▶ DATA LISTING:
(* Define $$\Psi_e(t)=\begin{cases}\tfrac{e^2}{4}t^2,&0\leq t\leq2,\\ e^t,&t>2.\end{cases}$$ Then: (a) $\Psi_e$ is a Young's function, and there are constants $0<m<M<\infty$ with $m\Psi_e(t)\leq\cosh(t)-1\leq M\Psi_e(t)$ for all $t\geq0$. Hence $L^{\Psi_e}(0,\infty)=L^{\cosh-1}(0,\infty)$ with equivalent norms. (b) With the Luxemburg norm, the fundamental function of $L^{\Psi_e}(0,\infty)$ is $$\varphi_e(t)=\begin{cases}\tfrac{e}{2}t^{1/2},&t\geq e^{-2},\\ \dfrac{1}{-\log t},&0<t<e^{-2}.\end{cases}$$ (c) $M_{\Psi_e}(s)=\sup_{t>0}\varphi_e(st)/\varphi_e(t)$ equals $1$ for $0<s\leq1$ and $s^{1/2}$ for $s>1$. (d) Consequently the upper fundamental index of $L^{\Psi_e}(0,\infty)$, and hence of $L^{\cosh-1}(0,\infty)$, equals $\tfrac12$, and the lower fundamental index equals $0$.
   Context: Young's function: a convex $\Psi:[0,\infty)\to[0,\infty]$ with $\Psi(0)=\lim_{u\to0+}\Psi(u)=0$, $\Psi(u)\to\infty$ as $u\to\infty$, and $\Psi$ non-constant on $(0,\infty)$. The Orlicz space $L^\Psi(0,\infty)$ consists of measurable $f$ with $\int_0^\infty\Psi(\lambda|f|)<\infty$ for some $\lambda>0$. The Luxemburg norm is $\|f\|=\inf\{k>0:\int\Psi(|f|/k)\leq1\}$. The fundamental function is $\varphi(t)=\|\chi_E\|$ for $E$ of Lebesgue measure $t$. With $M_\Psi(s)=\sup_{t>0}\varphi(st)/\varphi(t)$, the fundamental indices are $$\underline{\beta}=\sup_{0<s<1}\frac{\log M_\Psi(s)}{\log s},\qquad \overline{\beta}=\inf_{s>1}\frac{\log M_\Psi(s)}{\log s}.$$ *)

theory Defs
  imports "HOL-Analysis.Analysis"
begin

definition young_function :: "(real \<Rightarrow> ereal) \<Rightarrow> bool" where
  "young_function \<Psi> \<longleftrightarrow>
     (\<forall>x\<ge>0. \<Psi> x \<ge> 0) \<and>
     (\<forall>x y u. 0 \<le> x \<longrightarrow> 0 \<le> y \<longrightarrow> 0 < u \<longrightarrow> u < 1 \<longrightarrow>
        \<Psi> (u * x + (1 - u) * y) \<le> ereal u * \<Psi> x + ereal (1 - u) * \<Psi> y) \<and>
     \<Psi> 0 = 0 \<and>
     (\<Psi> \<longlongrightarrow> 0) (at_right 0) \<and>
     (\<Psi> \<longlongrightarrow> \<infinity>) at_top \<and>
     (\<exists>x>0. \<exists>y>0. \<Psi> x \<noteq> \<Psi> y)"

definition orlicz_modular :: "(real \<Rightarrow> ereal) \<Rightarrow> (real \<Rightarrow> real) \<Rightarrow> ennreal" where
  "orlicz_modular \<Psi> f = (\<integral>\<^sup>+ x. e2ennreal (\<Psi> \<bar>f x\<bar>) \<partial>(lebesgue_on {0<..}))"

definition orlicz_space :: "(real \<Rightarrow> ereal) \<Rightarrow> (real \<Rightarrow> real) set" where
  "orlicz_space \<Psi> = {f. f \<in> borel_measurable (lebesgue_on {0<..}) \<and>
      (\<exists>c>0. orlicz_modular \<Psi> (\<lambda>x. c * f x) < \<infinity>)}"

...

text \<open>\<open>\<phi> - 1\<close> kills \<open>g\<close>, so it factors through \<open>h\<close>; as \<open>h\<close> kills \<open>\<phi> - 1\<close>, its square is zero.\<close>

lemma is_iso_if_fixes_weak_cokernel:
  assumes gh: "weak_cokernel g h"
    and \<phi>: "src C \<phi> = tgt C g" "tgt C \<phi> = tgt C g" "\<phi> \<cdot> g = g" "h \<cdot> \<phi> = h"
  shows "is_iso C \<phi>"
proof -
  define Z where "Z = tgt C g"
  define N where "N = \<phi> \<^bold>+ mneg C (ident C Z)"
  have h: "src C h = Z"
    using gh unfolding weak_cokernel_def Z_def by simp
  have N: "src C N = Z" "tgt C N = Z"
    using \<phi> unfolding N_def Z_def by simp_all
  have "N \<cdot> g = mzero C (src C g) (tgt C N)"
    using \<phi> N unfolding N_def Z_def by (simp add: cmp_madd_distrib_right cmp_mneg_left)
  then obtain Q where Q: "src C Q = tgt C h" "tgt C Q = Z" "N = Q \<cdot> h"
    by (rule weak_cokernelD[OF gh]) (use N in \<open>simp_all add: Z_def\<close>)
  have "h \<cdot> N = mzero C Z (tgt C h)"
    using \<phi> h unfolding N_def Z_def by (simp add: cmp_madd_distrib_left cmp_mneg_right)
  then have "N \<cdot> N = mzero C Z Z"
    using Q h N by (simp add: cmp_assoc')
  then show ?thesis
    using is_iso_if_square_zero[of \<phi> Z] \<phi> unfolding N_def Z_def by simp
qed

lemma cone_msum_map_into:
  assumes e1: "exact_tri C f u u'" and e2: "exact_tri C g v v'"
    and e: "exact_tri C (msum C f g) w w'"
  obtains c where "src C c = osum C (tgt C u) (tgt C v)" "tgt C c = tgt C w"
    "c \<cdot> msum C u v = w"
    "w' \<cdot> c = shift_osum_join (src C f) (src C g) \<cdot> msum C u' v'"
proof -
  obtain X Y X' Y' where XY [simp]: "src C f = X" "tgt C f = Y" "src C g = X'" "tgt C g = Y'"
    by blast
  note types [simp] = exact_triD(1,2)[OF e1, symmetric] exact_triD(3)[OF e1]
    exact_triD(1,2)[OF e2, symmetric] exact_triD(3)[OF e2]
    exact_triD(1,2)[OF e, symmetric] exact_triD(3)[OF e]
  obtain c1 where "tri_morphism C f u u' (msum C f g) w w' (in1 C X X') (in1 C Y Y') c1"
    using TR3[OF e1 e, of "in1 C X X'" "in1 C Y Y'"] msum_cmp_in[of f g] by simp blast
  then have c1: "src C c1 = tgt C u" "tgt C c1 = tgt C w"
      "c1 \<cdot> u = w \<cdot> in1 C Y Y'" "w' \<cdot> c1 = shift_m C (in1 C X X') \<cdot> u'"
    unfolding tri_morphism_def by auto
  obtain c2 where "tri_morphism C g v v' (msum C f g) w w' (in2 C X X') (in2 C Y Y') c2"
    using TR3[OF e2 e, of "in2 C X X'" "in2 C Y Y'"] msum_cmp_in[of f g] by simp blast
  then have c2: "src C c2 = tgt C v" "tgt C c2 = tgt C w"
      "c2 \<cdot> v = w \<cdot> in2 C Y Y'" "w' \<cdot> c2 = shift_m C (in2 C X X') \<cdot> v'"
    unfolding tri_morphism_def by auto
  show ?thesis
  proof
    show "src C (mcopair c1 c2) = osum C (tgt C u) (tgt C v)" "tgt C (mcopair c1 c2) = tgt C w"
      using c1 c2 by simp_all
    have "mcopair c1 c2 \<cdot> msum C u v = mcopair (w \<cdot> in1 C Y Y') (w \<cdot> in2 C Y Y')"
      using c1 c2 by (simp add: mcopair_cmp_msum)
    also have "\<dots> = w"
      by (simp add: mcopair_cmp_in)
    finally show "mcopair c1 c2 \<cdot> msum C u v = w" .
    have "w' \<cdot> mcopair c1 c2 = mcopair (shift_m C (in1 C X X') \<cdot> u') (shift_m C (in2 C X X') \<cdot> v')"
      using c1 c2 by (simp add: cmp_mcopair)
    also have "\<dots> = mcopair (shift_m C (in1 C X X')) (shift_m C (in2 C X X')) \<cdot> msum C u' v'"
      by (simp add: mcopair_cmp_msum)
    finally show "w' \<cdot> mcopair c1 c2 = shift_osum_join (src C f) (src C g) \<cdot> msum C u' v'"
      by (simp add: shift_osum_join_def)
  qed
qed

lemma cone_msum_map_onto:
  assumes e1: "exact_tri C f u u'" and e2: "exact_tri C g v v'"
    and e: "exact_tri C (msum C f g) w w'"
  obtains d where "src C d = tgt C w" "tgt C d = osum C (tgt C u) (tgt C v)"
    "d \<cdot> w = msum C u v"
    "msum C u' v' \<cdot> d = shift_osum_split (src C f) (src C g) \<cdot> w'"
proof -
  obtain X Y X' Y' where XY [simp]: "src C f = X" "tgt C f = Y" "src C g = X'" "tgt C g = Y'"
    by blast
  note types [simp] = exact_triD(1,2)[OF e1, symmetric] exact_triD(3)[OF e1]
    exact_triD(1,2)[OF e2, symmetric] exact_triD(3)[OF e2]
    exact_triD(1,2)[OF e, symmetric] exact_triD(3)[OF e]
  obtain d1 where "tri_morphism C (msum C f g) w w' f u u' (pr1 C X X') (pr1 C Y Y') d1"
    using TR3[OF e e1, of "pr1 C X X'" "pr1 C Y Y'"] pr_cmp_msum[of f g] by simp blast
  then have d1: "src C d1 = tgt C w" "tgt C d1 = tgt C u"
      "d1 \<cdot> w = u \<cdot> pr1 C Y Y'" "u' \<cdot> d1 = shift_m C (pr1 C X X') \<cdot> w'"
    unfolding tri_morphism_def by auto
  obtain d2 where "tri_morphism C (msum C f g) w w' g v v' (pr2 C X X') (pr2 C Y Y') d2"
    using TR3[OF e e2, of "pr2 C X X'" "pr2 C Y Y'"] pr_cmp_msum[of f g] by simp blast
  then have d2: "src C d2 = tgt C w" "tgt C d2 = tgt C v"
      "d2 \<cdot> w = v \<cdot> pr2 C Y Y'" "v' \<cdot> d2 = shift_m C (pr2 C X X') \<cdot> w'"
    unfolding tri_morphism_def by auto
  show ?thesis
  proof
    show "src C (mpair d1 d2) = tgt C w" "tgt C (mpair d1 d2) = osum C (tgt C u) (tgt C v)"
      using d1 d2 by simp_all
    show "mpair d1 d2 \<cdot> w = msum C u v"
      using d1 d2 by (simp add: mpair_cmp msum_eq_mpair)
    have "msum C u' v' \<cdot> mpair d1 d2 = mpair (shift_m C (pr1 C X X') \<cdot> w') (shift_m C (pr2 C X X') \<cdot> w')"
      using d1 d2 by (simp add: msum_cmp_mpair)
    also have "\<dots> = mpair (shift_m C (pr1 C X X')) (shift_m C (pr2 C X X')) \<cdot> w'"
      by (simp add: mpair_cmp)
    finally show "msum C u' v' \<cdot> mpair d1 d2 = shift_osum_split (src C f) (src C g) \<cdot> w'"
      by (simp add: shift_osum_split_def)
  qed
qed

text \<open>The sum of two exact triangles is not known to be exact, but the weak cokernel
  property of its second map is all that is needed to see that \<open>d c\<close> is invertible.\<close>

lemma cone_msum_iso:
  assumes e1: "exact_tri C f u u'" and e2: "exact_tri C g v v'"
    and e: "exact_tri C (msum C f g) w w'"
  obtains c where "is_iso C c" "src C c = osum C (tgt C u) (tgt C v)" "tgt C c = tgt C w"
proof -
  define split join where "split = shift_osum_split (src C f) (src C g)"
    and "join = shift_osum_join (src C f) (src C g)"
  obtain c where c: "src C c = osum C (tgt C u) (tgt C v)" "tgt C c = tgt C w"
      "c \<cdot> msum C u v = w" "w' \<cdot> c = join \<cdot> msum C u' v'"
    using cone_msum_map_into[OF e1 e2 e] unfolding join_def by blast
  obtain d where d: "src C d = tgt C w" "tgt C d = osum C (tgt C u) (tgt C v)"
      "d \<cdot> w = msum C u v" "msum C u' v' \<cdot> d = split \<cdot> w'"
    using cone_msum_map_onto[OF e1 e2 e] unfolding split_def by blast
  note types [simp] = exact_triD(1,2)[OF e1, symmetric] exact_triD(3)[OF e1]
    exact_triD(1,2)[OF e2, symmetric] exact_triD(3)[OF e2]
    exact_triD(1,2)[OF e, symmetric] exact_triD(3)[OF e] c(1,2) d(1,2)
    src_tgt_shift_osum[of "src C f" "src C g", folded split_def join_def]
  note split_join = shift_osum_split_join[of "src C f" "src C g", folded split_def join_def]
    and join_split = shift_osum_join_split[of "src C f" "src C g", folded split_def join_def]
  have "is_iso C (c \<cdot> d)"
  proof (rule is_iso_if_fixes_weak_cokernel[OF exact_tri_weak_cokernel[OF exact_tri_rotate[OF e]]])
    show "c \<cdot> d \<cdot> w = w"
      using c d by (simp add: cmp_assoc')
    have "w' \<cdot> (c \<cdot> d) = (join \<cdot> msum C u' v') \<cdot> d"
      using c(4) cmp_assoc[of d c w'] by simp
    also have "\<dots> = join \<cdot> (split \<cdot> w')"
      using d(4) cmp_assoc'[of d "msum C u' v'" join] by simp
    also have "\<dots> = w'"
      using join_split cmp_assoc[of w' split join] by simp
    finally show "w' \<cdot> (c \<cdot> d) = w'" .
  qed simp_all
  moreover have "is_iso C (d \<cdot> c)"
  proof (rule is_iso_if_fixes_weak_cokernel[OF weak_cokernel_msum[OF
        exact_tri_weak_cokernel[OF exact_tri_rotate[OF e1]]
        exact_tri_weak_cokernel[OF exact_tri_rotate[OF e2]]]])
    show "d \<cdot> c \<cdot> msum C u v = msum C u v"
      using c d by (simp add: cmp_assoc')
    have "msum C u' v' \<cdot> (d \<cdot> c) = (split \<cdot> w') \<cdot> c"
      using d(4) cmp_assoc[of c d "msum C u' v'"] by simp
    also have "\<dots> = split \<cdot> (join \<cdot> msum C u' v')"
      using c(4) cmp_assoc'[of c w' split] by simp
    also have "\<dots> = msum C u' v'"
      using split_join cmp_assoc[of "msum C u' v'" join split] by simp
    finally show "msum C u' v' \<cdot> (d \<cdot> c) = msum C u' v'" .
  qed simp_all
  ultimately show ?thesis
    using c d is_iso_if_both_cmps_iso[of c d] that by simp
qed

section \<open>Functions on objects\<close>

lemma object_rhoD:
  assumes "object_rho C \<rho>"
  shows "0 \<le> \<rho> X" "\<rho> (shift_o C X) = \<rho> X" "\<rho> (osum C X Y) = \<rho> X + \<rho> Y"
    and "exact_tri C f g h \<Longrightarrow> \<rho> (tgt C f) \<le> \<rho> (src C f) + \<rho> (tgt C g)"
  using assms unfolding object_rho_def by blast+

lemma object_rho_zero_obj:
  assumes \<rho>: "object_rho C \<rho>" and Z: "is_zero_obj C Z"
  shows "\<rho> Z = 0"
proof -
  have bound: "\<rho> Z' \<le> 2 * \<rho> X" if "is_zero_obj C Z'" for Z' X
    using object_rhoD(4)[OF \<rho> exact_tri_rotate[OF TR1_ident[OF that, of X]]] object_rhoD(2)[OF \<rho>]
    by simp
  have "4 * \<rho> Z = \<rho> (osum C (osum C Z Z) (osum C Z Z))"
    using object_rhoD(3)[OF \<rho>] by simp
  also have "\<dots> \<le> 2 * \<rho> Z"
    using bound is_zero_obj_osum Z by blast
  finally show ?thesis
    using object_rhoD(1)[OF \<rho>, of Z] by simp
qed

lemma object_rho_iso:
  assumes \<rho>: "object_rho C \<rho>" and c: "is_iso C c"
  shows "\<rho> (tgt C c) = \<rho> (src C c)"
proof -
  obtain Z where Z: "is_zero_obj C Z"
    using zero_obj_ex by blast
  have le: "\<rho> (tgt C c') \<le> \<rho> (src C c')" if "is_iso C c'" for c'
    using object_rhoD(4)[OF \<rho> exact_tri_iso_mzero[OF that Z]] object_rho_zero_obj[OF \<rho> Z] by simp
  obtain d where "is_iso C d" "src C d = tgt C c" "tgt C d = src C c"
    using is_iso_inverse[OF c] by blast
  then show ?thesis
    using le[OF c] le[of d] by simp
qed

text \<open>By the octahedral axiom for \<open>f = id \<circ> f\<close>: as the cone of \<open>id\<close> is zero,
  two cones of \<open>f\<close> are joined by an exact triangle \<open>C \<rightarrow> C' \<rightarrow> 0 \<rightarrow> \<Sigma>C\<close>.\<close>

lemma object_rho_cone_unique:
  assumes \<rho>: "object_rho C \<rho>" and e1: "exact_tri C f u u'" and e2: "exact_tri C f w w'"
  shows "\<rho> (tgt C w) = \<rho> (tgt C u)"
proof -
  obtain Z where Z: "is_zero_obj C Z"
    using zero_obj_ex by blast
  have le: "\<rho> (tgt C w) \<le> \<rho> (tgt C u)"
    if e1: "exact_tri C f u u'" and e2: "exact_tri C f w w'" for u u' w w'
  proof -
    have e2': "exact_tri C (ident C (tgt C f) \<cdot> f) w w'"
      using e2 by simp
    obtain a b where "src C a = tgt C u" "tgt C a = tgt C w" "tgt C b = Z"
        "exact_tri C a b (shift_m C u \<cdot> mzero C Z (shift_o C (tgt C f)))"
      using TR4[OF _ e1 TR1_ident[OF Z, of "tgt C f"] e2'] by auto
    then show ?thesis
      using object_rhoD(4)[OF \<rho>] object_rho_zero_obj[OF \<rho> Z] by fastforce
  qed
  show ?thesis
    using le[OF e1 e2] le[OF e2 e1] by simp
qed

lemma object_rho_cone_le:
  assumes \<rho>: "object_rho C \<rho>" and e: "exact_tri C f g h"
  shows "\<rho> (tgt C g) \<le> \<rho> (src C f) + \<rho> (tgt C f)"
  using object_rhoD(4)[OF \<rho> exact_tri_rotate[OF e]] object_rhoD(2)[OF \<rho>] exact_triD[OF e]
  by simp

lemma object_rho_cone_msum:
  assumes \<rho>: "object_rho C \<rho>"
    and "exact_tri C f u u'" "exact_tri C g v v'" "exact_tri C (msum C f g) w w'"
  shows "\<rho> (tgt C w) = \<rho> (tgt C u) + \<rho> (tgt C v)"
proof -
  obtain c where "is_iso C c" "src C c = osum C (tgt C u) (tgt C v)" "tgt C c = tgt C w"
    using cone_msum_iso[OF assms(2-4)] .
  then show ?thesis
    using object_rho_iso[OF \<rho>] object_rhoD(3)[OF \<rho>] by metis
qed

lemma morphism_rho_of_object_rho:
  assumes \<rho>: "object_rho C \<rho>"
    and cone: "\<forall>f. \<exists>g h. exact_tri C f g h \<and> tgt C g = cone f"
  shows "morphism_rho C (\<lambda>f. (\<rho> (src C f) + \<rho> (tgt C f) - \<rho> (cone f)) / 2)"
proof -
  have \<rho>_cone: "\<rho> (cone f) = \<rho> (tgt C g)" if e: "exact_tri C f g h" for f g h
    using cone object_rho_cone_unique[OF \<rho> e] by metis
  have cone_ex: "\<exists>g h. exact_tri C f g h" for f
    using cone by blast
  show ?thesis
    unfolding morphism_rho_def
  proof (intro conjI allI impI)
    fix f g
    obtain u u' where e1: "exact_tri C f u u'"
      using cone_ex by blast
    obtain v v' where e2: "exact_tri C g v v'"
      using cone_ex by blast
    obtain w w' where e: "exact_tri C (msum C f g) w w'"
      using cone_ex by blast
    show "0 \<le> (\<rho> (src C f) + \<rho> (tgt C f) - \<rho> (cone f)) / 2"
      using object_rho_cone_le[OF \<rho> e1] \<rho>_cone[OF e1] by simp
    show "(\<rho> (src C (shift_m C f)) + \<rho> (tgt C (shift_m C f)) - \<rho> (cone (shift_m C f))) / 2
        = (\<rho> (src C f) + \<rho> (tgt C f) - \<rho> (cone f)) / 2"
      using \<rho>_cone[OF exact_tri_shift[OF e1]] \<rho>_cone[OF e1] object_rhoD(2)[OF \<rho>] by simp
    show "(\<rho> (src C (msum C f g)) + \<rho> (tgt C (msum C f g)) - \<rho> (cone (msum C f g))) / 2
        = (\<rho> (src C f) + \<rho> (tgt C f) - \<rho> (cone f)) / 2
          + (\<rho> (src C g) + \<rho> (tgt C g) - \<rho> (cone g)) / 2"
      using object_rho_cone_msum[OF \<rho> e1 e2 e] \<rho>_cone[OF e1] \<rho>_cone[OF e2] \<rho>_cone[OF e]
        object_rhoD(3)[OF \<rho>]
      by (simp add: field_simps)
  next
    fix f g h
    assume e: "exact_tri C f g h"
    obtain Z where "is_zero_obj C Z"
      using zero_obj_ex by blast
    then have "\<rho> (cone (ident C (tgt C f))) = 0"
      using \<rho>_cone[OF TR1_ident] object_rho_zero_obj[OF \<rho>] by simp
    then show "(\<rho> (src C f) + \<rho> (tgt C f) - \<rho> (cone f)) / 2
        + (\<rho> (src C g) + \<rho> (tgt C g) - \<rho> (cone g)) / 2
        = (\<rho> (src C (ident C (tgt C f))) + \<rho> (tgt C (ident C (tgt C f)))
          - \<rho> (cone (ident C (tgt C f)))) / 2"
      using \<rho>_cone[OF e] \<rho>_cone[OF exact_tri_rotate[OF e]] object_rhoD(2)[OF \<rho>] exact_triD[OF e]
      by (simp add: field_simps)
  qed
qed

▶ INSTRUCTIONS FOR THE TASK: The lines that mention the word "open" should be pulled from the records above.

▶ YOUR RESPONSE:
text \<open>\<open>\<phi> - 1\<close> kills \<open>g\<close>, so it factors through \<open>h\<close>; as \<open>h\<close> kills \<open>\<phi> - 1\<close>, its square is zero.\<close>
    by (rule weak_cokernelD[OF gh]) (use N in \<open>simp_all add: Z_def\<close>)
text \<open>The sum of two exact triangles is not known to be exact, but the weak cokernel
  property of its second map is all that is needed to see that \<open>d c\<close> is invertible.\<close>
section \<open>Functions on objects\<close>
text \<open>By the octahedral axiom for \<open>f = id \<circ> f\<close>: as the cone of \<open>id\<close> is zero,
  two cones of \<open>f\<close> are joined by an exact triangle \<open>C \<rightarrow> C' \<rightarrow> 0 \<rightarrow> \<Sigma>C\<close>.\<close>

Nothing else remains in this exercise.